На тумбочке рядом с кроватью лежала серая папка.
— Что там? — спросил дед, стараясь перевести тему. Боль от утраты сына уже давно поселилась в его сердце и осколками уселась на дно, заставляя душу страдать всякий раз, когда в сознании появлялись мысли о трагической гибели старшего сына.
— Это же мои рисунки, ты забыл? — мальчик посмотрел на деда с укором.
— Нет, нет, не забыл. Я помню, ты всегда рисовал. Я помню все твои рисунки. Твоя картина, что ты мне подарил прошлым летом, до сих пор украшает мою скромную комнату. Три березы, кажется, так ты назвал ее?
— Да, верно. Папа, мама и я. Мы вместе. Папа — большая береза, мама — чуть поменьше, а самая маленькая —…
Максима прервал кашель. Сначала глухой и прерывистый, затем глубокий, казалось, кашель не отпустит мальчика. Дед пытался взять полотенце, чтобы вытереть капли слюны, появившиеся на бледных губах, но с ужасом увидел багровые пятна. Кровь. Мальчик кашлял, наружу вылетали капли крови. Дед громко позвал санитара. В коридоре что-то зашевелилось, послышались беспокойные шаги. В палату зашла немолодая полная женщина. В этот момент мальчик наклонил голову, и вырвал какой-то черной жижей. Все белье запачкалось.
— Не волнуйтесь, я все уберу, — добродушно сказала женщина.
На следующий день вечером мальчик и дед находились в одноместной палате в городской онкологической больнице.
— Наконец-то, деда, — обрадовался Максим, на его бледном исхудавшем лице появилось подобие улыбки. Она не была похожа на сияющую солнцем детскую улыбку. Но дед увидел радость и почувствовал ее тепло в своем сердце, словно детская радость наполнила его сознание детскими мечтами, какие посещают каждого человека в юные годы и о каких все вспоминают с сожалением в старости.
— Я купил тебе продукты, — ответил деде с порога. — Тебе не все можно.
— А там, что? — поинтересовался мальчик, поглядывая на кулек.
— Это сюрприз.
— Ну что там, — почти с нескрываемым детским интересом спросил Максим.

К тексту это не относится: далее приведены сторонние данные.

lemma locally_symmetric_transpose_invariant:
  fixes M :: "(real^'n::{finite,linorder}) set"
  assumes "locally_symmetric M" "w \<in> M" "w $ i = w $ j"
  obtains \<delta> where "\<delta> > 0"
    and "\<And>x. x \<in> M \<Longrightarrow> dist w x < \<delta> \<Longrightarrow> pact (Transposition.transpose i j) x \<in> M"
proof -
  obtain \<delta> where "\<delta> > 0" and sym: "\<forall>y\<in>M \<inter> ball w \<delta>. \<forall>\<sigma>. \<sigma> permutes UNIV \<and> pact \<sigma> y = y \<longrightarrow>
      pact \<sigma> ` (M \<inter> ball w \<delta>) = M \<inter> ball w \<delta>"
    using conjunct2[OF assms(1)[unfolded locally_symmetric_def], rule_format, OF assms(2)] by blast
  have "w \<in> M \<inter> ball w \<delta>" using assms(2) \<open>\<delta> > 0\<close> by simp
  moreover have "Transposition.transpose i j permutes UNIV" by (simp add: permutes_swap_id)
  ultimately have "pact (Transposition.transpose i j) ` (M \<inter> ball w \<delta>) = M \<inter> ball w \<delta>"
    using sym pact_transpose_fixed[OF assms(3)] by (simp only: Ball_def)
  then have "pact (Transposition.transpose i j) x \<in> M" if "x \<in> M" "dist w x < \<delta>" for x
    using that by (metis IntD1 IntI image_eqI mem_ball)
  then show thesis using that[OF \<open>\<delta> > 0\<close>] by blast
qed

definition locally_eq_coords :: "(real^'n) set \<Rightarrow> 'n \<Rightarrow> 'n \<Rightarrow> (real^'n) set" where
  "locally_eq_coords M i j = {x \<in> M. \<exists>\<delta>>0. \<forall>y \<in> M \<inter> ball x \<delta>. y $ i = y $ j}"

lemma locally_eq_coords_subset: "locally_eq_coords M i j \<subseteq> M \<inter> {x. x $ i = x $ j}"
  unfolding locally_eq_coords_def by force

lemma openin_locally_eq_coords: "openin (top_of_set M) (locally_eq_coords M i j)"
  unfolding openin_euclidean_subtopology_iff
proof (intro conjI ballI)
  show "locally_eq_coords M i j \<subseteq> M" using locally_eq_coords_subset by blast
  fix x assume "x \<in> locally_eq_coords M i j"
  then obtain \<delta> where "\<delta> > 0" and \<delta>: "\<And>y. y \<in> M \<inter> ball x \<delta> \<Longrightarrow> y $ i = y $ j"
    unfolding locally_eq_coords_def by blast
  have "x' \<in> locally_eq_coords M i j" if "x' \<in> M" "dist x' x < \<delta> / 2" for x'
  proof -
    have "y $ i = y $ j" if "y \<in> M \<inter> ball x' (\<delta> / 2)" for y
      using \<delta> that \<open>dist x' x < \<delta> / 2\<close> dist_triangle[of x y x'] by (simp add: dist_commute)
    then show ?thesis using \<open>x' \<in> M\<close> \<open>\<delta> > 0\<close> unfolding locally_eq_coords_def
      by (intro CollectI conjI exI[of _ "\<delta> / 2"]) auto
  qed
  then show "\<exists>e>0. \<forall>x'\<in>M. dist x' x < e \<longrightarrow> x' \<in> locally_eq_coords M i j"
    using \<open>\<delta> > 0\<close> half_gt_zero by blast
qed

lemma chart_inverse_derivative_annihilated:
  fixes \<phi> :: "'a::real_normed_vector \<Rightarrow> 'b::real_normed_vector" and h :: "'a \<Rightarrow> 'c::real_normed_vector"
  assumes chart: "open (\<phi> ` U)" "subspace L" "\<phi> ` (M \<inter> U) = L \<inter> \<phi> ` U" "\<And>x. x \<in> U \<Longrightarrow> \<psi> (\<phi> x) = x"
    and "z \<in> M \<inter> U" "(\<psi> has_derivative D) (at (\<phi> z))" "bounded_linear h"
    and "\<delta> > 0" "\<forall>y \<in> M \<inter> ball z \<delta>. h y = 0" "l \<in> L"
  shows "h (D l) = 0"
proof -
  have "isCont \<psi> (\<phi> z)" using has_derivative_continuous[OF assms(6)] .
  then obtain e1 where "e1 > 0" and e1: "\<And>s. dist s (\<phi> z) < e1 \<Longrightarrow> dist (\<psi> s) z < \<delta>"
    using \<open>\<delta> > 0\<close> chart(4) assms(5) unfolding continuous_at_eps_delta by force
  obtain e2 where "e2 > 0" and e2: "ball (\<phi> z) e2 \<subseteq> \<phi> ` U"
    using chart(1) assms(5) open_contains_ball by blast
  have vanish: "h (\<psi> s) = 0" if "s \<in> L" "s \<in> ball (\<phi> z) (min e1 e2)" for s
  proof -
    have "s \<in> \<phi> ` (M \<inter> U)" using that e2 chart(3) by auto
    then obtain m where m: "m \<in> M \<inter> U" "s = \<phi> m" by blast
    then have "dist m z < \<delta>" using e1[of s] that(2) chart(4) by (simp add: dist_commute)
    then show ?thesis using assms(9) m chart(4) by (auto simp: dist_commute)
  qed
  have "\<phi> z \<in> L" using chart(3) assms(5) by blast
  moreover have "min e1 e2 > 0" using \<open>e1 > 0\<close> \<open>e2 > 0\<close> by simp
  ultimately show ?thesis
    using has_derivative_annihilated_on_subspace[OF assms(6,7) chart(2) _ _ vanish assms(10)] by blast
qed

lemma C1_inverse_uniform_linearization:
  fixes \<phi> :: "'a::real_normed_vector \<Rightarrow> 'b::real_normed_vector"
  assumes "open U" "w \<in> U" "open (\<phi> ` U)" "\<And>x. x \<in> U \<Longrightarrow> \<psi> (\<phi> x) = x"
    and \<phi>': "\<And>x. x \<in> U \<Longrightarrow> (\<phi> has_derivative blinfun_apply (\<phi>' x)) (at x)" "isCont \<phi>' w"
    and \<psi>': "\<And>s. s \<in> \<phi> ` U \<Longrightarrow> (\<psi> has_derivative blinfun_apply (\<psi>' s)) (at s)" "isCont \<psi>' (\<phi> w)"
    and "c > 0"
  obtains \<delta> where "\<delta> > 0" "ball w \<delta> \<subseteq> U"
    and "\<And>z x x'. z \<in> ball w \<delta> \<Longrightarrow> x \<in> ball w \<delta> \<Longrightarrow> x' \<in> ball w \<delta> \<Longrightarrow>
      norm (x - x' - \<psi>' (\<phi> z) (\<phi> x - \<phi> x')) \<le> c * norm (x - x')"
proof -
  obtain r1 K where "r1 > 0" "K > 0" "ball w r1 \<subseteq> U"
    and lipschitz: "\<And>x x'. x \<in> ball w r1 \<Longrightarrow> x' \<in> ball w r1 \<Longrightarrow> norm (\<phi> x - \<phi> x') \<le> K * norm (x - x')"
    using C1_locally_lipschitz[OF assms(1,2) _ \<phi>'(2)] \<phi>'(1) by blast
  have "\<phi> w \<in> \<phi> ` U" using assms(2) by simp
  then obtain r2 where "r2 > 0" "ball (\<phi> w) r2 \<subseteq> \<phi> ` U"
    and linear: "\<And>q s s'. q \<in> ball (\<phi> w) r2 \<Longrightarrow> s \<in> ball (\<phi> w) r2 \<Longrightarrow> s' \<in> ball (\<phi> w) r2 \<Longrightarrow>
      norm (\<psi> s - \<psi> s' - \<psi>' q (s - s')) \<le> c / K * norm (s - s')"
    using C1_uniform_linearization[OF assms(3) _ _ \<psi>'(2), where \<epsilon> = "c / K"] \<psi>'(1) \<open>K > 0\<close> \<open>c > 0\<close>
    by (metis divide_pos_pos)
  obtain d where "d > 0" and d: "\<And>x. dist x w < d \<Longrightarrow> dist (\<phi> x) (\<phi> w) < r2"
    using has_derivative_continuous[OF \<phi>'(1)[OF assms(2)]] \<open>r2 > 0\<close>
    unfolding continuous_at_eps_delta by blast
  define \<delta> where "\<delta> = min r1 d"
  have near: "x \<in> ball w r1" "x \<in> U" "\<phi> x \<in> ball (\<phi> w) r2" if "x \<in> ball w \<delta>" for x
    using that d[of x] \<open>ball w r1 \<subseteq> U\<close> by (auto simp: \<delta>_def dist_commute)
  show thesis
  proof (rule that)
    show "\<delta> > 0" using \<open>r1 > 0\<close> \<open>d > 0\<close> by (simp add: \<delta>_def)
    show "ball w \<delta> \<subseteq> U" using near(2) by blast
    fix z x x' assume "z \<in> ball w \<delta>" "x \<in> ball w \<delta>" "x' \<in> ball w \<delta>"
    note near = near[OF this(1)] near[OF this(2)] near[OF this(3)]
    have "norm (x - x' - \<psi>' (\<phi> z) (\<phi> x - \<phi> x')) \<le> c / K * norm (\<phi> x - \<phi> x')"
      using linear[of "\<phi> z" "\<phi> x" "\<phi> x'"] near assms(4) by simp
    also have "\<dots> \<le> c / K * (K * norm (x - x'))"
      using lipschitz[of x x'] near \<open>c > 0\<close> \<open>K > 0\<close> by (intro mult_left_mono) simp_all
    finally show "norm (x - x' - \<psi>' (\<phi> z) (\<phi> x - \<phi> x')) \<le> c * norm (x - x')"
      using \<open>K > 0\<close> by simp
  qed
qed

— Это краски и кисти. — Он достал из кулька красную коробочку и дал ее внуку.
Максим открыл коробку и увидел в ней набор кистей.
— Профессиональные, — раздался глухой голос мальчика. — Теперь я могу рисовать Тайгу.
— У тебя талант, я всегда говорил твоим родителям об этом.
— А они что? — спросил мальчик, разглядывая краски.
— Они хотят отдать тебя в художественную школу. Там, где учатся все будущие художники, — старик выдумал это, чтобы поднять настроение мальчика. Он вспомнил слова доктора, нужно создать вокруг мальчика хорошую эмоциональную атмосферу. Болезнь часто прогрессирует на фоне угнетения психо-эмоциональной сферы.
— Я теперь нарисую всех животных, что в Тайге обитают, — спасибо, деда.
— Максим, ты тут хозяйничай, а я пока поговорю с доктором.
— И ты вернешься? — мальчик не хотел, что бы дед уходил от него, он боялся, что тот не вернется.
— Я обещаю, как только я поговорю с доктором, я сразу же к тебе.
Стены кабинета были завешаны десятками дипломов и похвальных грамот. Дорогая обстановка, позолоченные канцелярские принадлежности отсвечивали лучи солнца, больно ударившие по глазам старика.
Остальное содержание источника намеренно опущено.